*THE TASK:*
List each line of the data that holds the string "False".

━━ ENTRIES PROVIDED

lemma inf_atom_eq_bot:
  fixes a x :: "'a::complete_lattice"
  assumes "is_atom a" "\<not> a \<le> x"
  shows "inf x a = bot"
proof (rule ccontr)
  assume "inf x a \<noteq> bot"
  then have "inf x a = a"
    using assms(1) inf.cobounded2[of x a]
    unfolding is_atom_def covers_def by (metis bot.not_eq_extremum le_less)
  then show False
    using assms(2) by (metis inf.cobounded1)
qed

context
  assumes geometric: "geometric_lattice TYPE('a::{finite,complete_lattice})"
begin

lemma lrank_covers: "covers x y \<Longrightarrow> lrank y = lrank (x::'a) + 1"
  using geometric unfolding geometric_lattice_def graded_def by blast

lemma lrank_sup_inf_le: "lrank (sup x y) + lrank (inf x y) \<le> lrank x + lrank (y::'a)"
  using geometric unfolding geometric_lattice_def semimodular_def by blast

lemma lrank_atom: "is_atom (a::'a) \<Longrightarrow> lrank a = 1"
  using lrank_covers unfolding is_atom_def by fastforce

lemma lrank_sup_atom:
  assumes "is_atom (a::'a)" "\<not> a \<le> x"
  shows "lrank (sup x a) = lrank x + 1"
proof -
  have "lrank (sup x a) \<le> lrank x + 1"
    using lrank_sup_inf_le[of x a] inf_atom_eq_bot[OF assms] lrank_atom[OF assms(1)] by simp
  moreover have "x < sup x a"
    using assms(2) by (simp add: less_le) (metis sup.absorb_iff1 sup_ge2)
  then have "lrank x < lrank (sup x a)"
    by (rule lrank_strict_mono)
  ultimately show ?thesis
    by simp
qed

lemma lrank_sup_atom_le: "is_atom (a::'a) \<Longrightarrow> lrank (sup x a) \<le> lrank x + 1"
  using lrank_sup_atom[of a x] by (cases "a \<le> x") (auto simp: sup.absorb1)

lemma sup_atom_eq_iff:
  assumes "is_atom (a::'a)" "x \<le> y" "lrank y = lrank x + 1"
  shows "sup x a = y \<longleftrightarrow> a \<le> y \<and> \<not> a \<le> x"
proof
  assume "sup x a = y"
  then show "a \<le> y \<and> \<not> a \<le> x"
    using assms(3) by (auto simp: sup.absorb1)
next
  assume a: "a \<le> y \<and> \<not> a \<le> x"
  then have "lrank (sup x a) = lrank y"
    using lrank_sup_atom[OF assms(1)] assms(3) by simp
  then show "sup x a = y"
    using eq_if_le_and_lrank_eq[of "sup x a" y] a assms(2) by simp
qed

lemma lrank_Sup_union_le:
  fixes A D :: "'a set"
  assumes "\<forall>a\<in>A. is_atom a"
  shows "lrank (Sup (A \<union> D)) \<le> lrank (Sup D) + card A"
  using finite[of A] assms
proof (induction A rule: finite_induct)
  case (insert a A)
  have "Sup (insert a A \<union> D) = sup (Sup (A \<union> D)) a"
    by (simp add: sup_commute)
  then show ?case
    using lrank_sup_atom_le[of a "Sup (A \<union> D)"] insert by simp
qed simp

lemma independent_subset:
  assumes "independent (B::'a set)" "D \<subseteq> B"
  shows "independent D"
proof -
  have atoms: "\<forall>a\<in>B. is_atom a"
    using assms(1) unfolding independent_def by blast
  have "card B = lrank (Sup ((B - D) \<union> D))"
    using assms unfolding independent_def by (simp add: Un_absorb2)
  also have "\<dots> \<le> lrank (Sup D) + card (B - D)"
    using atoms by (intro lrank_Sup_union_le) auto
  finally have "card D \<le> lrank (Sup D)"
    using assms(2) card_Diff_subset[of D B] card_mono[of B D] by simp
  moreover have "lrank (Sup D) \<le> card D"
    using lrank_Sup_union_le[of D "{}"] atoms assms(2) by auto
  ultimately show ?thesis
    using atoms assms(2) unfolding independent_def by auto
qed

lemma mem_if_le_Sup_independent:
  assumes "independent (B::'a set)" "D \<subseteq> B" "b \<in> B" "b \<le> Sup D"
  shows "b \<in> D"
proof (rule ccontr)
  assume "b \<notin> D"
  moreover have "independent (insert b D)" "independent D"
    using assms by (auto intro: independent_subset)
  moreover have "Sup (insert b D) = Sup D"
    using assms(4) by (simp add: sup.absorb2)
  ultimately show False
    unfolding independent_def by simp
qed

━━━━
━━ ENTRIES PROVIDED

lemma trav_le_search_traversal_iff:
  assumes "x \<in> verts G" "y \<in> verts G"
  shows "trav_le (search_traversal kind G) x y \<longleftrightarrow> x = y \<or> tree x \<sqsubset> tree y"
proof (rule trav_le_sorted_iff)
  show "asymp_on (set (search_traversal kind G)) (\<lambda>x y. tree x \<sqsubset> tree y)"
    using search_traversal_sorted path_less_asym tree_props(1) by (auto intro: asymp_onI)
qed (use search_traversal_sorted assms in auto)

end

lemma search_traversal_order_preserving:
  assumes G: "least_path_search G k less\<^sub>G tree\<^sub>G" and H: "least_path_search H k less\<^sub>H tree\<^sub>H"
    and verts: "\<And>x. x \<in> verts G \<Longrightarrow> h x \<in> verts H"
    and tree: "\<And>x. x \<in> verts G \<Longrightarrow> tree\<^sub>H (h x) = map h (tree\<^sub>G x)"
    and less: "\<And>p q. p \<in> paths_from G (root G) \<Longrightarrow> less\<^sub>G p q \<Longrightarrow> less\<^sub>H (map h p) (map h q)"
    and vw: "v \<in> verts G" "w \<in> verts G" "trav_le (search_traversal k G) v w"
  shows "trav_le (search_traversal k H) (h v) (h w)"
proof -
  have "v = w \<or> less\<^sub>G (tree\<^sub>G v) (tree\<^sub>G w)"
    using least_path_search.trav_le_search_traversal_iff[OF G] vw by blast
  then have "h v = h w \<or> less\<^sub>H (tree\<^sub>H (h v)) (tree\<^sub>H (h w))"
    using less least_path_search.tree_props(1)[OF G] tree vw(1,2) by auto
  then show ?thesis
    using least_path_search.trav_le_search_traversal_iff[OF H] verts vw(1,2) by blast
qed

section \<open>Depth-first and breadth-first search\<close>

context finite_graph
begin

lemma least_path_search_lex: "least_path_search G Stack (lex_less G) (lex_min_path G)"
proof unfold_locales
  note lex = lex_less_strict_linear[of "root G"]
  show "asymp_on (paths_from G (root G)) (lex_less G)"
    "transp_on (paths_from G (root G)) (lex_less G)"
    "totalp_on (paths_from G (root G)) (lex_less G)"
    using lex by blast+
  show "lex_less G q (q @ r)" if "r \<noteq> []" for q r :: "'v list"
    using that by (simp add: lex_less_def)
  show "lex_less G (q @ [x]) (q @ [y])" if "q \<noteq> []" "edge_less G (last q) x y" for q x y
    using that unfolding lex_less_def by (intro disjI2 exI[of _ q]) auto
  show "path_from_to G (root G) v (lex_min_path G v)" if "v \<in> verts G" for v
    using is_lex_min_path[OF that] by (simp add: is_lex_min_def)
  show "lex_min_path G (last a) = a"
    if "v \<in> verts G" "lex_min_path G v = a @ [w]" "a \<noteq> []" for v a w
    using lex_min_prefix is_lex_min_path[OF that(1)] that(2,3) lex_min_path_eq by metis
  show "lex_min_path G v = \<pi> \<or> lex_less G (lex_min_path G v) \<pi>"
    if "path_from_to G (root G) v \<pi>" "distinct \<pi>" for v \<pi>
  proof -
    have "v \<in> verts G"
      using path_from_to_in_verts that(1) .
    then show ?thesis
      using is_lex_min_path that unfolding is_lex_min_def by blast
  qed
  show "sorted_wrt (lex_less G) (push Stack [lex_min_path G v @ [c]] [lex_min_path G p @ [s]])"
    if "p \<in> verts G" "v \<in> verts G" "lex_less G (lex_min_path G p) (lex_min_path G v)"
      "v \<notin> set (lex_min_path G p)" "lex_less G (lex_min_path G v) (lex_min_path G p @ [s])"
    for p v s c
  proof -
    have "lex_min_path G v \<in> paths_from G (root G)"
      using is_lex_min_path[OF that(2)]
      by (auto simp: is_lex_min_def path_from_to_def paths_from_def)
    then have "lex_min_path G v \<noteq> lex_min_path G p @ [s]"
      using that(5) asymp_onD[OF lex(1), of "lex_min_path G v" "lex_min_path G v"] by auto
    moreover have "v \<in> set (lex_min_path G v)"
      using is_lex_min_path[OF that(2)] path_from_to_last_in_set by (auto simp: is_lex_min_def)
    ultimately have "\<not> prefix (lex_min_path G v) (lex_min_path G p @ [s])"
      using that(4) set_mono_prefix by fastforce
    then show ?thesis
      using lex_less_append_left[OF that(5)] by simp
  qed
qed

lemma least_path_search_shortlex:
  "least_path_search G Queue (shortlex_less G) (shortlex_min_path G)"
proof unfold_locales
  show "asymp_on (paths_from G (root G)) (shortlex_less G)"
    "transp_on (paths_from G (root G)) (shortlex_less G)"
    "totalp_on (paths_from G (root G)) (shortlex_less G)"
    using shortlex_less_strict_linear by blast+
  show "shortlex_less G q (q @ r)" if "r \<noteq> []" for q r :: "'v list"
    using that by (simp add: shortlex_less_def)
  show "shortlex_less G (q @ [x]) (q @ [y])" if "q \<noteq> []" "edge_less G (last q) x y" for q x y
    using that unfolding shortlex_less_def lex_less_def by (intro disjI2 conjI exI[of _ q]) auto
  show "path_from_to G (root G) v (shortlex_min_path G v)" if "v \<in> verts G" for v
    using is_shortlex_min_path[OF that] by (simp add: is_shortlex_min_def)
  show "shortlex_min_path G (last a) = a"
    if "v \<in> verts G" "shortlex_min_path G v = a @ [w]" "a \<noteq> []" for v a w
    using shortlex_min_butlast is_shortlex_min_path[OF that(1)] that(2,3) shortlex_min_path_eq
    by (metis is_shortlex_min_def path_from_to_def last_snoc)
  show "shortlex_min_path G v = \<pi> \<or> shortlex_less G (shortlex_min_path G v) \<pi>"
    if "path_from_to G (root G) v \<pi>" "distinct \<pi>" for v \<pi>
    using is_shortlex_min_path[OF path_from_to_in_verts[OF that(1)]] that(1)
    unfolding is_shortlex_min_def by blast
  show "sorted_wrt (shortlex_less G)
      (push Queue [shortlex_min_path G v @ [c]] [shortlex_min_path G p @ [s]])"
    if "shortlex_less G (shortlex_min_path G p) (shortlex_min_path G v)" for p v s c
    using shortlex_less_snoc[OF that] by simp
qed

━━━━
━━ ENTRIES PROVIDED

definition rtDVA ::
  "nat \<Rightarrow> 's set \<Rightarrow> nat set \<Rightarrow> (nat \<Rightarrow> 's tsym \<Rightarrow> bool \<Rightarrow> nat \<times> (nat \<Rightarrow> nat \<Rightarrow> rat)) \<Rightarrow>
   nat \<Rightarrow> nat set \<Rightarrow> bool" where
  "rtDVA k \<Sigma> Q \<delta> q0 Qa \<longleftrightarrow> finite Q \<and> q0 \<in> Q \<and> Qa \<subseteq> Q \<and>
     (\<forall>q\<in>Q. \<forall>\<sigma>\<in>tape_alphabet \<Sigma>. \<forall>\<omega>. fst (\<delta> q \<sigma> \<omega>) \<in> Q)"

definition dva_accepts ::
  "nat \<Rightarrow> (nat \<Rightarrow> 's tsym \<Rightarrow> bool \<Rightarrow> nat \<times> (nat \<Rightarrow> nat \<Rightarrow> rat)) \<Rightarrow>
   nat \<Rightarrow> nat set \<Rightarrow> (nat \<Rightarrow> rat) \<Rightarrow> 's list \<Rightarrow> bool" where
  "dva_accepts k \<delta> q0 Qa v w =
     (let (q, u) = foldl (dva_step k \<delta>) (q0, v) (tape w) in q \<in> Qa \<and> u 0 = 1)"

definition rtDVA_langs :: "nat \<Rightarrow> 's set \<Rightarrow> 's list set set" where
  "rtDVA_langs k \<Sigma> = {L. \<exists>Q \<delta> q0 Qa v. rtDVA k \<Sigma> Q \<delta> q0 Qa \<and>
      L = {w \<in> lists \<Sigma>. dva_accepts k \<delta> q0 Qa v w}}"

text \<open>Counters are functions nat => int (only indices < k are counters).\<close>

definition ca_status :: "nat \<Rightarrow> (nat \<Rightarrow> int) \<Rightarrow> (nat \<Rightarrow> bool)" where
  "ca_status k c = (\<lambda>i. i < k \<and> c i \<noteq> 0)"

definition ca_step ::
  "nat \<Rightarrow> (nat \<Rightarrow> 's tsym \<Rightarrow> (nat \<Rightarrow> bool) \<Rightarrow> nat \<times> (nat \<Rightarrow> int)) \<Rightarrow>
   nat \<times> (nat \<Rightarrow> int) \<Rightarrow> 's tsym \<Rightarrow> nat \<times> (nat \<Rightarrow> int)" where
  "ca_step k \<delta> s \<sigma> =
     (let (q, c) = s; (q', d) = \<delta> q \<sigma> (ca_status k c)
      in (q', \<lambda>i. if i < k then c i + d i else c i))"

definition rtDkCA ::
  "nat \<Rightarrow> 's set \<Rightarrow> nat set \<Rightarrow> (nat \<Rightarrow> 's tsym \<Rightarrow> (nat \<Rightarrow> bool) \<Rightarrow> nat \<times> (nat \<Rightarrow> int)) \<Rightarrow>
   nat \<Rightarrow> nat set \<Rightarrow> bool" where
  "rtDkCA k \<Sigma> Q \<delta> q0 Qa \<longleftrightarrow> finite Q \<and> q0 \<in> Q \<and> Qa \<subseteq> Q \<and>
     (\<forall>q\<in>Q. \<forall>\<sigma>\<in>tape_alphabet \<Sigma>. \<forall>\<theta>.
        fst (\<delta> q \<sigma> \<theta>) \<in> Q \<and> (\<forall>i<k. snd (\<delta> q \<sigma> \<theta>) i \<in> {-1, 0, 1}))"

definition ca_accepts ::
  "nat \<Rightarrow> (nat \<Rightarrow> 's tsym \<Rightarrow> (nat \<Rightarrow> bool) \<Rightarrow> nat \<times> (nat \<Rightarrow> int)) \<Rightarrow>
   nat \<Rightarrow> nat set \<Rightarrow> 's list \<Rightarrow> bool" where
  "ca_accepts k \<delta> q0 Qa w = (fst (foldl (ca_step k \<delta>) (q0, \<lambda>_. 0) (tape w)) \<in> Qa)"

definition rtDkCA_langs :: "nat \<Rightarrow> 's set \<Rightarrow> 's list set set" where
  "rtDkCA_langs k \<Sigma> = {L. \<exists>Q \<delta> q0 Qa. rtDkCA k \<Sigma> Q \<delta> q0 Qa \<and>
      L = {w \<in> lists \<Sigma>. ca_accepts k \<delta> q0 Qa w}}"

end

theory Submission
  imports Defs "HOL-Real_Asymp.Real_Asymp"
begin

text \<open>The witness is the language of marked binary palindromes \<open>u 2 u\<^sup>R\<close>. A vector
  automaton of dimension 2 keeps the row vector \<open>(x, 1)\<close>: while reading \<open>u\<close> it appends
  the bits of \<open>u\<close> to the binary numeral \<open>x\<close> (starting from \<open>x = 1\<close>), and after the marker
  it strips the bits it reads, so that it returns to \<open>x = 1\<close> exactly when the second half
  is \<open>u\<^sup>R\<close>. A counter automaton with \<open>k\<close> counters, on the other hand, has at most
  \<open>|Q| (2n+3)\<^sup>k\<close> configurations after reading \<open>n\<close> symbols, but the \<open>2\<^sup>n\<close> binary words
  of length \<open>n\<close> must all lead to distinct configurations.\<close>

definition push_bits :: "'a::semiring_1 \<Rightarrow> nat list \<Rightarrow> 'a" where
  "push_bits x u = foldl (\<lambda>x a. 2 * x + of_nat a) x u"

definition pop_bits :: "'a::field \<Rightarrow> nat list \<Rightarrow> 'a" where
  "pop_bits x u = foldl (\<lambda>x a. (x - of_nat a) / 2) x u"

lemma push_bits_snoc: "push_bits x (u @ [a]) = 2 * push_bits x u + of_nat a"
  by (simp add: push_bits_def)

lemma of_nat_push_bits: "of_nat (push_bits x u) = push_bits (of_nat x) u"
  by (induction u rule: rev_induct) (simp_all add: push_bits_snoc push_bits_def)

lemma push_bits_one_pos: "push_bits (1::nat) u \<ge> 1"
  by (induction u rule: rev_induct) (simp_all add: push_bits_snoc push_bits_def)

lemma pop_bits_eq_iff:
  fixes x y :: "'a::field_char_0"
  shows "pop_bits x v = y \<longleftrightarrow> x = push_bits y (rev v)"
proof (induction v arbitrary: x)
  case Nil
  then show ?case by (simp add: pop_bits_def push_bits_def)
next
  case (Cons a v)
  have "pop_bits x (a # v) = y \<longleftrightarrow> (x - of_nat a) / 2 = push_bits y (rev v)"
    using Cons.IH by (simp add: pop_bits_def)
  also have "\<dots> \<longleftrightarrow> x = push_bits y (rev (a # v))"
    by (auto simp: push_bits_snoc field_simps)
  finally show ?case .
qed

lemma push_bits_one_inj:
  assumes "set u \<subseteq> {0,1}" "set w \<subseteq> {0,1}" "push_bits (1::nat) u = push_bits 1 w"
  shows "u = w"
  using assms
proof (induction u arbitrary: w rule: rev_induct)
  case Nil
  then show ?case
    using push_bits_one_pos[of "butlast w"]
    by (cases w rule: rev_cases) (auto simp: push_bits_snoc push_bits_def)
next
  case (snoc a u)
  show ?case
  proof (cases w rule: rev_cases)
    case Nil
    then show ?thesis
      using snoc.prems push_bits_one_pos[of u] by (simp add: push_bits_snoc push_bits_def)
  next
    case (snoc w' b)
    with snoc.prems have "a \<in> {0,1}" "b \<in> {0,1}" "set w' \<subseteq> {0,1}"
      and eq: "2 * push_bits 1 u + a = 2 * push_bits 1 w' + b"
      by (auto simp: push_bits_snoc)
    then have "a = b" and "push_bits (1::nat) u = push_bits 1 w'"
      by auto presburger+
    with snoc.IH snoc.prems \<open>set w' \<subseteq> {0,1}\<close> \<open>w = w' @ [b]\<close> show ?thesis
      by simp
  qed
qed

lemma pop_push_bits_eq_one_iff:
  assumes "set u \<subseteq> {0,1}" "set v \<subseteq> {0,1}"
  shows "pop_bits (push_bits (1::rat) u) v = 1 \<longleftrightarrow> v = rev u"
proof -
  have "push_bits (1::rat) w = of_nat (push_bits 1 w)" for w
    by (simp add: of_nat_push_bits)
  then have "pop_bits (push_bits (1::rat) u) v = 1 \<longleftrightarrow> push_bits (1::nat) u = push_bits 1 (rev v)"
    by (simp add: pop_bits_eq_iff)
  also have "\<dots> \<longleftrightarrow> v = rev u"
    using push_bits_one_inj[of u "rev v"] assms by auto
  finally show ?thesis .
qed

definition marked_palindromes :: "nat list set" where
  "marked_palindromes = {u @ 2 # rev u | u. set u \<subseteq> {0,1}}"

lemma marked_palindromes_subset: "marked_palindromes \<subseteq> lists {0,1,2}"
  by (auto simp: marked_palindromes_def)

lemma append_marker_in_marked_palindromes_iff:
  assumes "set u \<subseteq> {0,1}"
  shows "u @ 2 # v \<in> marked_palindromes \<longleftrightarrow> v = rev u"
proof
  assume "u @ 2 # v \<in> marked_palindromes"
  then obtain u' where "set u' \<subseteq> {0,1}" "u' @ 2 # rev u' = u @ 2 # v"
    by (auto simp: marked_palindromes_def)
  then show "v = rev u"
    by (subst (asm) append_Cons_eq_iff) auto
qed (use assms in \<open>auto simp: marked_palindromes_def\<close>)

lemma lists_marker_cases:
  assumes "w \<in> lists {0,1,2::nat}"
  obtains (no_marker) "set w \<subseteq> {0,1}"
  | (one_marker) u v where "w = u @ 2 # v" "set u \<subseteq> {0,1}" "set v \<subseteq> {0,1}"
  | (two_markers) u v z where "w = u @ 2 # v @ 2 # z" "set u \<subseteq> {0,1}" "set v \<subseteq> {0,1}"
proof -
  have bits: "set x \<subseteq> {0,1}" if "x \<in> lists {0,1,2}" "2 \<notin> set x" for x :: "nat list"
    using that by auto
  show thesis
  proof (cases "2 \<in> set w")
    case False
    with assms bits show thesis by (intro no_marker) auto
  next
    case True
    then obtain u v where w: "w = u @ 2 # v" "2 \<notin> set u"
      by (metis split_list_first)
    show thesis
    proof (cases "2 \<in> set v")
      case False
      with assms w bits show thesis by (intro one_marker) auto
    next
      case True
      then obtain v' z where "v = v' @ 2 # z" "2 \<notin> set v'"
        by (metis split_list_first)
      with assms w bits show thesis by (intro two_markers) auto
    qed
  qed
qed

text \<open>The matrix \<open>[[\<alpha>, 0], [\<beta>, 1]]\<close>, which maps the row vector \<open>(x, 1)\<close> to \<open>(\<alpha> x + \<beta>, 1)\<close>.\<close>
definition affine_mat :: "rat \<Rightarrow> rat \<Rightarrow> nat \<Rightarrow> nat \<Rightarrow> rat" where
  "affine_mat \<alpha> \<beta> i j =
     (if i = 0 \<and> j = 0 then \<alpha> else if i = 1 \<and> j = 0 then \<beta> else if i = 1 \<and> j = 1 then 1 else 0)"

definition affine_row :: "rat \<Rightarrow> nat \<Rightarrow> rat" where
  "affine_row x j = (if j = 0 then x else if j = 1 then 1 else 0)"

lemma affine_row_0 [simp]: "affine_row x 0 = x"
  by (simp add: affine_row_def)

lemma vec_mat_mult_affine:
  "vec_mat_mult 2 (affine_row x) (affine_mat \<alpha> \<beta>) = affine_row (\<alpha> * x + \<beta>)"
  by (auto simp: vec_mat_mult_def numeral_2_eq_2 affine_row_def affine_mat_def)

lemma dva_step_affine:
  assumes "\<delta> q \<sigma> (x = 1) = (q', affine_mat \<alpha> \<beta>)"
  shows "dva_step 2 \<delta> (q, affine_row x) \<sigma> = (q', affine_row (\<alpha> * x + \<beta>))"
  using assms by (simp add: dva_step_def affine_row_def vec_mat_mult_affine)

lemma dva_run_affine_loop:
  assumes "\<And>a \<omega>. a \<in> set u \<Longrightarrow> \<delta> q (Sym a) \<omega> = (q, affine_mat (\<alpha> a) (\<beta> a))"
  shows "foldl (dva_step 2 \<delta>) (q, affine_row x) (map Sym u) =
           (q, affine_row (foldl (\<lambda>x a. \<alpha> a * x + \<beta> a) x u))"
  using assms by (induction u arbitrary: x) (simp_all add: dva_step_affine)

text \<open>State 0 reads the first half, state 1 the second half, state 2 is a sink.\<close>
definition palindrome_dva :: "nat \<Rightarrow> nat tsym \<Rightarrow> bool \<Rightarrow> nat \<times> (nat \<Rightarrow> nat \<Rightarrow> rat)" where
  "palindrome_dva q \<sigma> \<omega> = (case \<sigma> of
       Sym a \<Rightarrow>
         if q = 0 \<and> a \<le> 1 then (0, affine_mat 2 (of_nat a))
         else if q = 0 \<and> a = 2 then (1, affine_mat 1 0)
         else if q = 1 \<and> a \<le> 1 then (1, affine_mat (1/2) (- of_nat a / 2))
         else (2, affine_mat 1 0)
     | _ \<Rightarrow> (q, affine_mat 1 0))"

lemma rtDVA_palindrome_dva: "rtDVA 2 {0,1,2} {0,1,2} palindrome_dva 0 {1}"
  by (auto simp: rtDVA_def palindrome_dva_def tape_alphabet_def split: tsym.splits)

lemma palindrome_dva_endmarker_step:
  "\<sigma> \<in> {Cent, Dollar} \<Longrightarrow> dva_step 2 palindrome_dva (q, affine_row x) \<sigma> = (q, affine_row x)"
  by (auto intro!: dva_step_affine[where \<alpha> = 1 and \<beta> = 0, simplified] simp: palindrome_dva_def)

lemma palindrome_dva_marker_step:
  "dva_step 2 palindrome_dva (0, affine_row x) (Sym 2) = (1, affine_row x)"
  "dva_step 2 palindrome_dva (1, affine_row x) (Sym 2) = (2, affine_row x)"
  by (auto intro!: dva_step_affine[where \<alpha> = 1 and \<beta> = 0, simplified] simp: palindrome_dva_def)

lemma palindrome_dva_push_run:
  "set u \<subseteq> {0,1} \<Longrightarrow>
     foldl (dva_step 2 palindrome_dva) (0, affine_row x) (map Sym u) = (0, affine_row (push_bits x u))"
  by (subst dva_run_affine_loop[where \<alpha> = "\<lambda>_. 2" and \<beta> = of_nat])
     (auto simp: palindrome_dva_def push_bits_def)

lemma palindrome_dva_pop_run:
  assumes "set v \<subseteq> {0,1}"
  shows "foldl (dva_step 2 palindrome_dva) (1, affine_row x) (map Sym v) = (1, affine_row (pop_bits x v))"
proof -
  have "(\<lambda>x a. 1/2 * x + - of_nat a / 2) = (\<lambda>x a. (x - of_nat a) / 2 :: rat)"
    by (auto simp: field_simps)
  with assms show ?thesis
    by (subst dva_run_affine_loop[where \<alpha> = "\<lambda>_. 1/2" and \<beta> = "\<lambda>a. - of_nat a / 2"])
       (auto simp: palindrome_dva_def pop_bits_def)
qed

━━━━

*TASK SOLUTION:*
  then show False
  ultimately show False
    case False
      case False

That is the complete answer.